A M. gosta de ir ao cinema por isso, quando vou sem ela, tento escolher um filme que não fizesse parte da sua lista de interesses. Não é fácil, porque para quem viu filmes como Quem quer ser milionário, O rapaz de pijama às riscas, e tantos outros, com o interesse, sagacidade e inteligência emocional com que ela os viu, excluir bons filmes da sua lista é uma tarefa ingrata.
Feita a pesquisa prévia, hoje tinha decidido ir ver A última estação. Embora sendo uma excelente produção e um relato histórico, calculava que não estivesse no topo da sua lista. Já me fez saber que quer ver O Turista.
No entanto, enquanto aguardava na fila, uma imagem trouxe-me à memória uma conversa recente que a minha mãe tivera comigo, falando-me de um filme que "ressuscitava" Jaques Tati.
No entanto, enquanto aguardava na fila, uma imagem trouxe-me à memória uma conversa recente que a minha mãe tivera comigo, falando-me de um filme que "ressuscitava" Jaques Tati.
Jaques Tati ou melhor Sr. Hullot, fez parte da minha infância. Conheci-o pela mão dos meus pais, nas tardes de cinema em que um filme também servia para explicar a diferença entre uma sala de cinema e a nossa sala de estar em casa, onde aprendi que as perguntas ou comentários se segredam aos ouvidos e não em voz alta e que os pacotes de Maltesers [luxos de tardes de cinema] se comiam sem fazer restolhar a embalagem, por respeito àqueles com que compartíamos o espaço.* E se, só por si, isso não fez de mim uma adulta mais culta, fez de mim, seguramente, uma criança muito mais rica. Mais rica por ter privado com o deliciosamente inteligente humor de Jaques Tati e por ter tido pais que me ladearam a infância, ensinando-me que, sendo os mesmos, não nos comportamos da mesma forma, em todas as circunstâncias.

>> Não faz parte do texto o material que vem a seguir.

lemma unitary_conj_first_col_eigenvector:
  assumes A: "A \<in> carrier_mat n n" and W: "unitary_mat n W"
    and eigen: "A *\<^sub>v col W 0 = e \<cdot>\<^sub>v col W 0" and i: "i < n"
  shows "(mat_adjoint W * A * W) $$ (i,0) = (if i = 0 then e else 0)"
proof -
  have Wc: "W \<in> carrier_mat n n" using W unfolding unitary_mat_def by auto
  have AW: "(A * W) $$ (l,0) = e * W $$ (l,0)" if "l < n" for l
  proof -
    have "(A * W) $$ (l,0) = (A *\<^sub>v col W 0) $ l" using A Wc i that by simp
    then show ?thesis using Wc i that unfolding eigen by simp
  qed
  have "(mat_adjoint W * A * W) $$ (i,0) = (\<Sum>l<n. cnj (W $$ (l,i)) * (A * W) $$ (l,0))"
    using A Wc i by (simp add: assoc_mult_mat[of _ n n _ n _ n] index_mult_mat_sum[of _ n n _ n]
        del: index_mult_mat(1))
  also have "\<dots> = e * (\<Sum>l<n. cnj (W $$ (l,i)) * W $$ (l,0))"
    unfolding sum_distrib_left by (intro sum.cong refl) (simp add: AW)
  finally show ?thesis
    using unitary_mat_cols_orthonormal[OF W i, of 0] i by simp
qed

lemma hermitian_mat_first_col:
  assumes B: "hermitian_mat (Suc m) B"
    and first_col: "\<And>i. i < Suc m \<Longrightarrow> B $$ (i,0) = (if i = 0 then e else 0)"
  shows "e \<in> \<real>"
    and "\<And>j. j < Suc m \<Longrightarrow> B $$ (0,j) = (if j = 0 then e else 0)"
    and "hermitian_mat m (mat m m (\<lambda>(i,j). B $$ (Suc i, Suc j)))"
proof -
  have "B \<in> carrier_mat (Suc m) (Suc m)" and "mat_adjoint B = B"
    using B unfolding hermitian_mat_def by auto
  have B_sym: "B $$ (i,j) = cnj (B $$ (j,i))" if "i < Suc m" "j < Suc m" for i j
  proof -
    have "B $$ (i,j) = mat_adjoint B $$ (i,j)" using \<open>mat_adjoint B = B\<close> by simp
    also have "\<dots> = cnj (B $$ (j,i))" using \<open>B \<in> carrier_mat (Suc m) (Suc m)\<close> that by simp
    finally show ?thesis .
  qed
  have "cnj e = e"
    using B_sym[of 0 0] unfolding first_col[of 0, simplified] by simp
  then show "e \<in> \<real>" by (simp add: Reals_cnj_iff)
  show "B $$ (0,j) = (if j = 0 then e else 0)" if "j < Suc m" for j
  proof (cases "j = 0")
    case True
    then show ?thesis using first_col[of 0] by simp
  next
    case False
    then show ?thesis using B_sym[of 0 j] first_col[OF that] that by simp
  qed
  let ?A = "mat m m (\<lambda>(i,j). B $$ (Suc i, Suc j))"
  have "mat_adjoint ?A = ?A"
  proof (rule eq_matI)
    fix i j assume "i < dim_row ?A" "j < dim_col ?A"
    then show "mat_adjoint ?A $$ (i,j) = ?A $$ (i,j)"
      by (simp add: B_sym[of "Suc i" "Suc j"])
  qed simp_all
  then show "hermitian_mat m ?A"
    unfolding hermitian_mat_def by simp
qed

lemma hermitian_mat_unitary_conj:
  assumes "hermitian_mat n A" "W \<in> carrier_mat n n"
  shows "hermitian_mat n (mat_adjoint W * A * W)"
proof -
  have A: "A \<in> carrier_mat n n" and "mat_adjoint A = A"
    using assms(1) unfolding hermitian_mat_def by auto
  with assms(2) show ?thesis
    unfolding hermitian_mat_def
    by (auto simp: mat_adjoint_mult[of _ n n _ n] assoc_mult_mat[of _ n n _ n _ n]
        intro!: mult_carrier_mat)
qed

lemma unitary_diagonalization_extend:
  fixes B U :: "complex mat" and lam :: "nat \<Rightarrow> real"
  assumes B: "B \<in> carrier_mat (Suc m) (Suc m)"
    and first_col: "\<And>i. i < Suc m \<Longrightarrow> B $$ (i,0) = (if i = 0 then complex_of_real e else 0)"
    and first_row: "\<And>j. j < Suc m \<Longrightarrow> B $$ (0,j) = (if j = 0 then complex_of_real e else 0)"
    and U: "unitary_mat m U"
    and lower: "\<And>i j. i < m \<Longrightarrow> j < m \<Longrightarrow>
      B $$ (Suc i, Suc j) = (U * mat_diag m (\<lambda>i. complex_of_real (lam i)) * mat_adjoint U) $$ (i,j)"
  shows "\<exists>V mu. unitary_mat (Suc m) V \<and>
    B = V * mat_diag (Suc m) (\<lambda>i. complex_of_real (mu i)) * mat_adjoint V"
proof -
  have Uc: "U \<in> carrier_mat m m"
    using U unfolding unitary_mat_def by auto
  define V where "V = mat (Suc m) (Suc m)
    (\<lambda>(i,j). if i = 0 \<or> j = 0 then of_bool (i = j) else U $$ (i - 1, j - 1))"
  define mu where "mu = case_nat e lam"
  have V: "V \<in> carrier_mat (Suc m) (Suc m)" unfolding V_def by simp
  have "(mat_adjoint V * V) $$ (i,j) = 1\<^sub>m (Suc m) $$ (i,j)" if "i < Suc m" "j < Suc m" for i j
  proof -
    have "(mat_adjoint V * V) $$ (i,j)
        = cnj (V $$ (0,i)) * V $$ (0,j) + (\<Sum>l<m. cnj (V $$ (Suc l,i)) * V $$ (Suc l,j))"
      using V that by (simp add: index_mult_mat_sum[of _ "Suc m" "Suc m" _ "Suc m"] sum.lessThan_Suc_shift
          del: index_mult_mat(1) sum.lessThan_Suc)
    also have "\<dots> = 1\<^sub>m (Suc m) $$ (i,j)"
      using that unitary_mat_cols_orthonormal[OF U] by (cases i; cases j) (auto simp: V_def)
    finally show ?thesis .
  qed
  then have "unitary_mat (Suc m) V"
    using V unfolding unitary_mat_def by (auto intro: eq_matI)
  moreover have "B $$ (i,j) = (V * mat_diag (Suc m) (\<lambda>i. complex_of_real (mu i)) * mat_adjoint V) $$ (i,j)"
    if "i < Suc m" "j < Suc m" for i j
  proof -
    have "(V * mat_diag (Suc m) (\<lambda>i. complex_of_real (mu i)) * mat_adjoint V) $$ (i,j)
        = V $$ (i,0) * complex_of_real e * cnj (V $$ (j,0))
          + (\<Sum>l<m. V $$ (i,Suc l) * complex_of_real (lam l) * cnj (V $$ (j,Suc l)))"
      using V that by (simp add: index_mult_diag_mult_mat[of _ "Suc m" "Suc m" _ "Suc m"]
          sum.lessThan_Suc_shift mu_def del: sum.lessThan_Suc index_mult_mat(1))
    also have "\<dots> = B $$ (i,j)"
      using that first_col first_row lower Uc
      by (cases i; cases j)
        (auto simp: V_def index_mult_diag_mult_mat[of _ m m _ m] simp del: index_mult_mat(1))
    finally show ?thesis by simp
  qed
  then have "B = V * mat_diag (Suc m) (\<lambda>i. complex_of_real (mu i)) * mat_adjoint V"
    using B V by (intro eq_matI) auto
  ultimately show ?thesis by blast
qed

A semana passada, a minha mãe falou-me deste filme. Passados cerca de 30 anos sobre a sua morte, Jaques Tati regressa ao cinema pela mão de um guião de uma parte escondida da sua vida. Dedicado a uma filha que nunca assumiu, o argumento tenta reconciliar a consciência do seu autor com aquilo que não conseguiu fazer um dia.
Mergulhados numa luxuosa ilustração animada [animação é outra coisa], reencontramos o passo hesitante, desastrado e levemente autista com que caminhava, a maior parte do tempo, em bicos de pés. O seu expressivo e tantas vezes desconcertante jogo mímico. Os seus silenciosos, quase alienados, monólogos com o mundo.
Neste filme, um Mágico Jaques Tati regressa para dar à sua filha escondida tudo o que não teve coragem ao longo da vida. Ainda assim, não quer que ela se iluda. Não existem mágicos. Ele sabe que uma infância não se resgata num golpe de perlimpimpim, como uma coelho da cartola.
Pela minha parte, acredito que só não há mágicos quando confundimos a ilusão com a magia da vida.
Pela minha parte, acredito que só não há mágicos quando confundimos a ilusão com a magia da vida.
Podia falar muito mais, mas não quero. Mergulhar num filme desta dimensão, sem legendas, é o melhor apelo à imaginação e às emoções. Além disso, acredito que é na ausência de palavras que melhor se lêem as entrelinhas.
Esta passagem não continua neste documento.